En Algérie, dans un bassin versant marneux fortement raviné inférieur à 1 km2, Gomer (1995) a pu quantifier l’efficacité hydrosédimentaire d’un évènement pluvieux extrême. En octobre 1991, une averse de 25 mm, caractérisée par une intensité maximum de 38,8 mm/h en 30 mn, a généré à elle seule 70% de la charge solide évacuée en trois ans dans le bassin versant. Bien que la période de mesure soit beaucoup plus brève, on retrouve des proportions semblables à celles observées au mont Lozère.

En passant de la production hydrosédimentaire latérale, liée à des processus de ruissellement élémentaires, à la circulation longitudinale, où le charriage est contrôlé par des mécanismes hydrodynamiques de plus forte énergie, on assiste, sur la ravine de l’Aubaret Vieil, au franchissement d’un seuil morphogénique spectaculaire. Pourtant, cet effet de seuil s’inverse au niveau scalaire supérieur, dans les vallons de rang 1.
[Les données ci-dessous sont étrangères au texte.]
definition step :: "('w, 'r) mkt \<Rightarrow> ('w, 'r) profile \<Rightarrow> ('w, 'r) hist \<Rightarrow> ('w, 'r) hist pmf" where
  "step M \<sigma> h =
     (let i = mover (ntr M) (Suc (length (snd h)))
      in map_pmf (\<lambda>a. (fst h, snd h @ [a])) (\<sigma> i (view M i h)))"

fun dist :: "('w, 'r) mkt \<Rightarrow> ('w, 'r) profile \<Rightarrow> ('w, 'r) hist pmf \<Rightarrow> nat \<Rightarrow> ('w, 'r) hist pmf" where
  "dist M \<sigma> D 0 = D"
| "dist M \<sigma> D (Suc t) = bind_pmf (dist M \<sigma> D t) (step M \<sigma>)"

definition root :: "('w, 'r) mkt \<Rightarrow> ('w, 'r) hist pmf" where
  "root M = map_pmf (\<lambda>w. (w, [])) (prior M)"

text \<open>Expected discounted payoff of trader i from the moves after time k,
  when the history after k moves is distributed as D and play follows sigma.\<close>
definition cont_value :: "('w, 'r) mkt \<Rightarrow> nat \<Rightarrow> ('w, 'r) profile \<Rightarrow> ('w, 'r) hist pmf \<Rightarrow> nat \<Rightarrow> real" where
  "cont_value M i \<sigma> D k =
     (\<Sum>j. if k < j \<and> mover (ntr M) j = i
          then measure_pmf.expectation (dist M \<sigma> D (j - k)) (\<lambda>h. payoff M h j) else 0)"

text \<open>V_i(I, sigma, B), where the information set I is given by its owner j
  and view v.\<close>
definition V :: "('w, 'r) mkt \<Rightarrow> nat \<Rightarrow> nat \<Rightarrow> ('w, 'r) view \<Rightarrow> ('w, 'r) profile \<Rightarrow> ('w, 'r) beliefs \<Rightarrow> real" where
  "V M i j v \<sigma> B = cont_value M i \<sigma> (B j v) (vtime v)"

definition consistent :: "('w, 'r) mkt \<Rightarrow> enat \<Rightarrow> ('w, 'r) profile \<Rightarrow> ('w, 'r) beliefs \<Rightarrow> bool" where
  "consistent M T \<sigma> B \<longleftrightarrow>
     profile_ok M T \<sigma> \<and> belief_system M T B \<and>
     (\<forall>i\<in>{1..ntr M}. \<forall>v. is_infoset M T i v \<longrightarrow>
        measure_pmf.prob (dist M \<sigma> (root M) (vtime v)) {h. view M i h = v} > 0 \<longrightarrow>
        B i v = cond_pmf (dist M \<sigma> (root M) (vtime v)) {h. view M i h = v})"

definition eps_PBE :: "('w, 'r) mkt \<Rightarrow> enat \<Rightarrow> real \<Rightarrow> ('w, 'r) profile \<Rightarrow> ('w, 'r) beliefs \<Rightarrow> bool" where
  "eps_PBE M T \<epsilon> \<sigma> B \<longleftrightarrow>
     consistent M T \<sigma> B \<and>
     (\<forall>i\<in>{1..ntr M}. \<forall>v. move_infoset M T i v \<longrightarrow>
        (\<forall>si. strat_ok M T si \<longrightarrow> V M i i v (\<sigma>(i := si)) B \<le> V M i i v \<sigma> B + \<epsilon>))"

text \<open>Beliefs do not update after t_m (in the truncated game Gamma(m)): a
  trader's belief after k > m moves equals his belief after k - 1 moves
  (the only possible move at t_k being the null action).\<close>
definition no_update :: "('w, 'r) mkt \<Rightarrow> nat \<Rightarrow> ('w, 'r) beliefs \<Rightarrow> bool" where
  "no_update M m B \<longleftrightarrow>
     (\<forall>i\<in>{1..ntr M}. \<forall>h\<in>nodes M (enat m). m \<le> length (snd h) \<longrightarrow>
        B i (view M i (fst h, snd h @ [Null]))
          = map_pmf (\<lambda>g. (fst g, snd g @ [Null])) (B i (view M i h)))"

definition A_set :: "('w, 'r) mkt \<Rightarrow> nat \<Rightarrow> (('w, 'r) profile \<times> ('w, 'r) beliefs) set" where
  "A_set M m = {(h, B). profile_ok M (enat m) h \<and> belief_system M \<infinity> B \<and> no_update M m B}"

definition agree_upto :: "('w, 'r) mkt \<Rightarrow> nat \<Rightarrow> ('w, 'r) profile \<Rightarrow> ('w, 'r) profile \<Rightarrow> bool" where
  "agree_upto M m' \<sigma> \<tau> \<longleftrightarrow>
     (\<forall>j\<in>{1..ntr M}. \<forall>v. move_infoset M \<infinity> j v \<and> movetime v \<le> m' \<longrightarrow> \<sigma> j v = \<tau> j v)"

definition w_bound :: "('w, 'r) mkt \<Rightarrow> nat \<Rightarrow> real" where
  "w_bound M m = Sup {\<bar>V M i j v \<sigma> B - V M i j v \<tau> B\<bar> | i j v \<sigma> \<tau> B.
      i \<in> {1..ntr M} \<and> j \<in> {1..ntr M} \<and> move_infoset M \<infinity> j v \<and>
      belief_system M \<infinity> B \<and> profile_ok M \<infinity> \<sigma> \<and> profile_ok M \<infinity> \<tau> \<and>
      agree_upto M (m - 1) \<sigma> \<tau>}"

end

theory Submission
  imports Defs
begin

text \<open>Replace a deviation by its truncation, which plays the null action after t_m.
  The truncation agrees with the deviation up to t_m, so it changes the deviator's
  payoff by at most w^m. It is a strategy of the truncated game Gamma(m): at
  information sets up to t_m the equilibrium condition of Gamma(m) bounds its gain
  by epsilon, and at later information sets it coincides with the equilibrium
  strategy, which can only play the null action there. Consistency carries over
  because every history reached under a profile of Gamma(m) is a history of Gamma(m).\<close>

lemma mover_in_traders: "1 \<le> n \<Longrightarrow> mover n k \<in> {1..n}"
  unfolding mover_def by (auto intro: Suc_leI)

lemma movetime_view: "movetime (view M i h) = Suc (length (snd h))"
  by (simp add: movetime_def view_def)

lemma movetime_infoset: "h \<in> infoset M T i v \<Longrightarrow> movetime v = Suc (length (snd h))"
  by (auto simp: infoset_def movetime_view)

lemma length_dist:
  assumes "set_pmf D \<subseteq> {h. length (snd h) = t}"
  shows "set_pmf (dist M \<sigma> D n) \<subseteq> {h. length (snd h) = t + n}"
  using assms by (induction n) (auto simp: step_def Let_def)

lemma step_in_nodes:
  assumes "1 \<le> ntr M" and "profile_ok M T \<sigma>" and "h \<in> nodes M T"
    and "g \<in> set_pmf (step M \<sigma> h)"
  shows "g \<in> nodes M T"
proof -
  let ?i = "mover (ntr M) (Suc (length (snd h)))"
  obtain a where a: "a \<in> set_pmf (\<sigma> ?i (view M ?i h))" and g: "g = (fst h, snd h @ [a])"
    using assms(4) by (auto simp: step_def Let_def)
  have "strat_ok M T (\<sigma> ?i)"
    using assms(1,2) mover_in_traders by (auto simp: profile_ok_def)
  then have "legal M T (movetime (view M ?i h)) a"
    using a unfolding strat_ok_def by blast
  then have "legal M T (Suc (length (snd h))) a"
    by (simp add: movetime_view)
  then show ?thesis
    using assms(3) by (auto simp: g nodes_def nth_append less_Suc_eq)
qed

lemma dist_in_nodes:
  assumes "1 \<le> ntr M" and "profile_ok M T \<sigma>" and "set_pmf D \<subseteq> nodes M T"
  shows "set_pmf (dist M \<sigma> D n) \<subseteq> nodes M T"
proof (induction n)
  case (Suc n)
  then show ?case
    using step_in_nodes[OF assms(1,2)] by auto
qed (use assms(3) in simp)

lemma dist_cong:
  assumes "set_pmf D \<subseteq> {h. length (snd h) = t}"
    and "\<And>j v. t < movetime v \<Longrightarrow> \<sigma> j v = \<tau> j v"
  shows "dist M \<sigma> D n = dist M \<tau> D n"
proof (induction n)
  case (Suc n)
  have "step M \<sigma> h = step M \<tau> h" if "h \<in> set_pmf (dist M \<tau> D n)" for h
  proof -
    have "length (snd h) = t + n"
      using that length_dist[OF assms(1), of M \<tau> n] by auto
    then show ?thesis
      using assms(2) by (simp add: step_def Let_def movetime_view)
  qed
  then show ?case
    using Suc by (auto intro: bind_pmf_cong)
qed simp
Contrairement au bief de la ravine, incisé dans un vallon de rang 1, l’impact morphologique de la crue du 22 septembre 1992 est resté insignifiant dans les lits fluviaux des vallons de rang 1. Les retouches ont été modérées, a peine plus importantes que lors des crues à débit de plein bord ordinaires. Sans doute cette différence s’explique-t-elle par un profil en long moins pentu (8% sur les Cloutasses contre 23% pour la ravine), par une dissipation importante de l’énergie dans des lits majeurs phytostabilisés, et par des planchers alluviaux calés sur les nappes fluvioglaciaires ou fluvionivales pléistocènes, que leur richesse en blocs rend peu affouillables. Dans les BVRE, la charge solide de la crue du 22 septembre 1992 n’a pas pu être mesurée, les fosses sédimentaires s’avérant largement sous dimensionnées. Sur les bassins de la Sapine et de la Latte, le calcul de la charge par extrapolation de la droite de régression débit liquide-débit solide donne des valeurs plausibles, au regard des impacts morphologiques observés sur les lits fluviaux. Les charriages calculés sont respectivement de 2,3 tonnes et de 5,9 tonnes, soit seulement deux à trois fois supérieurs au débit solide des plus fortes crues enregistrées durant 18 ans. Dans le bassin de la Cloutasse, cette extrapolation donne une valeur exagérée de 640 tonnes, totalement incompatible avec la réalité observée sur le terrain. Dans les faits, l’augmentation de la charge solide ne suit pas une progression linéaire avec le débit liquide, elle s’infléchit par effet de seuil inverse, en raison d’un gain d’efficacité décroissant.

De façon spectaculaire dans le bief de la ravine, beaucoup plus modérée dans les lits fluviaux de rang 1, la crue du 22 septembre 1992 a occasionné des déstockages sédimentaires. Ces purges alluviales participent à l’exercice des discontinuités spatiotemporelles qui, à différentes échelles de temps, interrompent le continuum fluvial amont-aval.